[Stored data]
•••

(* Let $\mathcal R$ be a graded commutative 2-ring and let $(R,G,\pi,\{g_\gamma\},\{\varphi_x\})$ be a tightening of $\mathcal R$. Then restriction $\mathcal I\mapsto\mathrm r(\mathcal I)$ and extension $I\mapsto\mathrm e(I)$ are mutually inverse inclusion-preserving bijections between homogeneous ideals of $\mathcal R$ and homogeneous ideals of $R$, and they restrict to a homeomorphism $\operatorname{Spec}^h(R)\cong\operatorname{Spc}(\mathcal R)$.
   Context: A graded commutative 2-ring $\mathcal R$ is an essentially small preadditive symmetric monoidal category (tensor additive in each variable) in which all objects are invertible; its grading 2-group $\mathcal G$ is its groupoid of objects and isomorphisms, and $K_0(\mathcal G)$ is the group of isomorphism classes. A morphism $\tilde r$ is a translate of $r$ if $\tilde r=v\circ(g\otimes r)\circ u$ for an object $g$ and isomorphisms $u,v$. A homogeneous ideal of $\mathcal R$ is a two-sided ideal of morphisms closed under tensoring with objects; prime: proper and $s\circ r\in\mathfrak p\Rightarrow s\in\mathfrak p$ or $r\in\mathfrak p$; $\operatorname{Spc}(\mathcal R)$ is the set of primes with Zariski topology. For an abelian group $G$ (written multiplicatively), a $G$-graded commutative ring is a ring $R=\bigoplus_{x\in G}R_x$ with $1\in R_1$, $R_xR_y\subseteq R_{xy}$, and a function $\tau\colon G\times G\to Z(R)_1^\times$ that is symmetric, bilinear, and satisfies $rs=\tau(|r|,|s|)sr$ for homogeneous $r,s$; $\operatorname{Spec}^h(R)$ is its space of homogeneous primes with Zariski topology. A tightening consists of such an $R$, a surjective homomorphism $\pi\colon G\to K_0(\mathcal G)$, representatives $g_\gamma$ for $\gamma\in K_0(\mathcal G)$ with $g_1=\mathbb 1$, and group isomorphisms $\varphi_x\colon R_x\to\mathcal R(\mathbb 1,g_{\pi(x)})$ such that: (1) $\varphi_x(rs)=\varphi_x(r)\circ\varphi_1(s)$ for $s\in R_1$, $r\in R_x$; (2) for $r\in R_x$, $s\in R_y$, the morphism $(\varphi_x(r)\otimes g_{\pi(y)})\circ\varphi_y(s)$ (with implicit unitor) is a translate of $\varphi_{xy}(rs)$. Write $\varphi=\bigsqcup_x\varphi_x$ on homogeneous elements. For a homogeneous ideal $\mathcal I$ of $\mathcal R$, $\mathrm r(\mathcal I)$ is the additive closure in $R$ of $\varphi^{-1}(\mathcal I)$; for a homogeneous ideal $I$ of $R$, $\mathrm e(I)$ is the homogeneous ideal of $\mathcal R$ generated by $\varphi$ of the homogeneous elements of $I$. *)

theory Defs
  imports "HOL-Analysis.Abstract_Topology"
begin

text \<open>A (small) preadditive symmetric monoidal category, presented concretely:
  objects of type 'o, morphisms of type 'm.  cmp g f is the composite g after f.\<close>

record ('o, 'm) two_ring =
  obj   :: "'o set"
  arr   :: "'m set"
  src   :: "'m \<Rightarrow> 'o"
  tgt   :: "'m \<Rightarrow> 'o"
  cmp   :: "'m \<Rightarrow> 'm \<Rightarrow> 'm"
  idm   :: "'o \<Rightarrow> 'm"
  madd  :: "'m \<Rightarrow> 'm \<Rightarrow> 'm"
  mzero :: "'o \<Rightarrow> 'o \<Rightarrow> 'm"
  mneg  :: "'m \<Rightarrow> 'm"
  tobj  :: "'o \<Rightarrow> 'o \<Rightarrow> 'o"
  tmor  :: "'m \<Rightarrow> 'm \<Rightarrow> 'm"
  uobj  :: "'o"
  assc  :: "'o \<Rightarrow> 'o \<Rightarrow> 'o \<Rightarrow> 'm"
  lun   :: "'o \<Rightarrow> 'm"
  run   :: "'o \<Rightarrow> 'm"
  brd   :: "'o \<Rightarrow> 'o \<Rightarrow> 'm"

definition hom :: "('o, 'm, 'z) two_ring_scheme \<Rightarrow> 'o \<Rightarrow> 'o \<Rightarrow> 'm set" where
  "hom C a b = {f \<in> arr C. src C f = a \<and> tgt C f = b}"

definition iso_arr :: "('o, 'm, 'z) two_ring_scheme \<Rightarrow> 'm \<Rightarrow> bool" where
  "iso_arr C f \<longleftrightarrow> f \<in> arr C \<and> (\<exists>g \<in> hom C (tgt C f) (src C f).
      cmp C g f = idm C (src C f) \<and> cmp C f g = idm C (tgt C f))"

definition inv_arr :: "('o, 'm, 'z) two_ring_scheme \<Rightarrow> 'm \<Rightarrow> 'm" where
  "inv_arr C f = (SOME g. g \<in> hom C (tgt C f) (src C f) \<and>
      cmp C g f = idm C (src C f) \<and> cmp C f g = idm C (tgt C f))"

definition isomorphic :: "('o, 'm, 'z) two_ring_scheme \<Rightarrow> 'o \<Rightarrow> 'o \<Rightarrow> bool" where
  "isomorphic C a b \<longleftrightarrow> (\<exists>u \<in> hom C a b. iso_arr C u)"

locale graded_comm_2ring =
  fixes C :: "('o, 'm, 'z) two_ring_scheme"
  assumes arr_src: "f \<in> arr C \<Longrightarrow> src C f \<in> obj C"
    and arr_tgt: "f \<in> arr C \<Longrightarrow> tgt C f \<in> obj C"
    and idm_hom: "a \<in> obj C \<Longrightarrow> idm C a \<in> hom C a a"
    and cmp_hom: "f \<in> hom C a b \<Longrightarrow> g \<in> hom C b c \<Longrightarrow> cmp C g f \<in> hom C a c"
    and idm_left: "f \<in> hom C a b \<Longrightarrow> cmp C (idm C b) f = f"
    and idm_right: "f \<in> hom C a b \<Longrightarrow> cmp C f (idm C a) = f"
    and cmp_assoc: "f \<in> hom C a b \<Longrightarrow> g \<in> hom C b c \<Longrightarrow> h \<in> hom C c d \<Longrightarrow>
        cmp C h (cmp C g f) = cmp C (cmp C h g) f"
    and madd_hom: "f \<in> hom C a b \<Longrightarrow> g \<in> hom C a b \<Longrightarrow> madd C f g \<in> hom C a b"
    and mzero_hom: "a \<in> obj C \<Longrightarrow> b \<in> obj C \<Longrightarrow> mzero C a b \<in> hom C a b"
    and mneg_hom: "f \<in> hom C a b \<Longrightarrow> mneg C f \<in> hom C a b"
    and madd_assoc: "f \<in> hom C a b \<Longrightarrow> g \<in> hom C a b \<Longrightarrow> h \<in> hom C a b \<Longrightarrow>
        madd C (madd C f g) h = madd C f (madd C g h)"
    and madd_comm: "f \<in> hom C a b \<Longrightarrow> g \<in> hom C a b \<Longrightarrow> madd C f g = madd C g f"
    and madd_zero: "f \<in> hom C a b \<Longrightarrow> madd C f (mzero C a b) = f"
    and madd_neg: "f \<in> hom C a b \<Longrightarrow> madd C f (mneg C f) = mzero C a b"
    and cmp_madd_left: "f \<in> hom C a b \<Longrightarrow> g \<in> hom C b c \<Longrightarrow> g' \<in> hom C b c \<Longrightarrow>
        cmp C (madd C g g') f = madd C (cmp C g f) (cmp C g' f)"
    and cmp_madd_right: "f \<in> hom C a b \<Longrightarrow> f' \<in> hom C a b \<Longrightarrow> g \<in> hom C b c \<Longrightarrow>
        cmp C g (madd C f f') = madd C (cmp C g f) (cmp C g f')"
    and tobj_obj: "a \<in> obj C \<Longrightarrow> b \<in> obj C \<Longrightarrow> tobj C a b \<in> obj C"
    and tmor_hom: "f \<in> hom C a b \<Longrightarrow> g \<in> hom C c d \<Longrightarrow>
        tmor C f g \<in> hom C (tobj C a c) (tobj C b d)"
    and tmor_idm: "a \<in> obj C \<Longrightarrow> b \<in> obj C \<Longrightarrow>
        tmor C (idm C a) (idm C b) = idm C (tobj C a b)"
    and tmor_cmp: "f \<in> hom C a b \<Longrightarrow> f' \<in> hom C b c \<Longrightarrow> g \<in> hom C d e \<Longrightarrow> g' \<in> hom C e k \<Longrightarrow>
        tmor C (cmp C f' f) (cmp C g' g) = cmp C (tmor C f' g') (tmor C f g)"
    and tmor_madd_left: "f \<in> hom C a b \<Longrightarrow> f' \<in> hom C a b \<Longrightarrow> g \<in> hom C c d \<Longrightarrow>
        tmor C (madd C f f') g = madd C (tmor C f g) (tmor C f' g)"
    and tmor_madd_right: "f \<in> hom C a b \<Longrightarrow> g \<in> hom C c d \<Longrightarrow> g' \<in> hom C c d \<Longrightarrow>
        tmor C f (madd C g g') = madd C (tmor C f g) (tmor C f g')"
    and uobj_obj: "uobj C \<in> obj C"
    and assc_hom: "a \<in> obj C \<Longrightarrow> b \<in> obj C \<Longrightarrow> c \<in> obj C \<Longrightarrow>
        assc C a b c \<in> hom C (tobj C (tobj C a b) c) (tobj C a (tobj C b c))"
    and assc_iso: "a \<in> obj C \<Longrightarrow> b \<in> obj C \<Longrightarrow> c \<in> obj C \<Longrightarrow> iso_arr C (assc C a b c)"
    and assc_nat: "f \<in> hom C a a' \<Longrightarrow> g \<in> hom C b b' \<Longrightarrow> h \<in> hom C c c' \<Longrightarrow>
        cmp C (assc C a' b' c') (tmor C (tmor C f g) h)
          = cmp C (tmor C f (tmor C g h)) (assc C a b c)"
    and lun_hom: "a \<in> obj C \<Longrightarrow> lun C a \<in> hom C (tobj C (uobj C) a) a"
    and lun_iso: "a \<in> obj C \<Longrightarrow> iso_arr C (lun C a)"
    and lun_nat: "f \<in> hom C a b \<Longrightarrow>
        cmp C (lun C b) (tmor C (idm C (uobj C)) f) = cmp C f (lun C a)"
    and run_hom: "a \<in> obj C \<Longrightarrow> run C a \<in> hom C (tobj C a (uobj C)) a"
    and run_iso: "a \<in> obj C \<Longrightarrow> iso_arr C (run C a)"
    and run_nat: "f \<in> hom C a b \<Longrightarrow>
        cmp C (run C b) (tmor C f (idm C (uobj C))) = cmp C f (run C a)"
    and brd_hom: "a \<in> obj C \<Longrightarrow> b \<in> obj C \<Longrightarrow> brd C a b \<in> hom C (tobj C a b) (tobj C b a)"
    and brd_nat: "f \<in> hom C a a' \<Longrightarrow> g \<in> hom C b b' \<Longrightarrow>
        cmp C (brd C a' b') (tmor C f g) = cmp C (tmor C g f) (brd C a b)"
    and brd_sym: "a \<in> obj C \<Longrightarrow> b \<in> obj C \<Longrightarrow>
        cmp C (brd C b a) (brd C a b) = idm C (tobj C a b)"
    and pentagon: "a \<in> obj C \<Longrightarrow> b \<in> obj C \<Longrightarrow> c \<in> obj C \<Longrightarrow> d \<in> obj C \<Longrightarrow>
        cmp C (assc C a b (tobj C c d)) (assc C (tobj C a b) c d)
          = cmp C (tmor C (idm C a) (assc C b c d))
              (cmp C (assc C a (tobj C b c) d) (tmor C (assc C a b c) (idm C d)))"
    and triangle: "a \<in> obj C \<Longrightarrow> b \<in> obj C \<Longrightarrow>
        cmp C (tmor C (idm C a) (lun C b)) (assc C a (uobj C) b) = tmor C (run C a) (idm C b)"
    and hexagon: "a \<in> obj C \<Longrightarrow> b \<in> obj C \<Longrightarrow> c \<in> obj C \<Longrightarrow>
        cmp C (assc C b c a) (cmp C (brd C a (tobj C b c)) (assc C a b c))
          = cmp C (tmor C (idm C b) (brd C a c))
              (cmp C (assc C b a c) (tmor C (brd C a b) (idm C c)))"
    and invertible: "a \<in> obj C \<Longrightarrow> \<exists>b \<in> obj C. isomorphic C (tobj C a b) (uobj C)"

•••

• _Problem description_
Read the entries and show each line that mentions "isomorphic".

• _Answer to this exercise_
definition isomorphic :: "('o, 'm, 'z) two_ring_scheme \<Rightarrow> 'o \<Rightarrow> 'o \<Rightarrow> bool" where
  "isomorphic C a b \<longleftrightarrow> (\<exists>u \<in> hom C a b. iso_arr C u)"
    and invertible: "a \<in> obj C \<Longrightarrow> \<exists>b \<in> obj C. isomorphic C (tobj C a b) (uobj C)"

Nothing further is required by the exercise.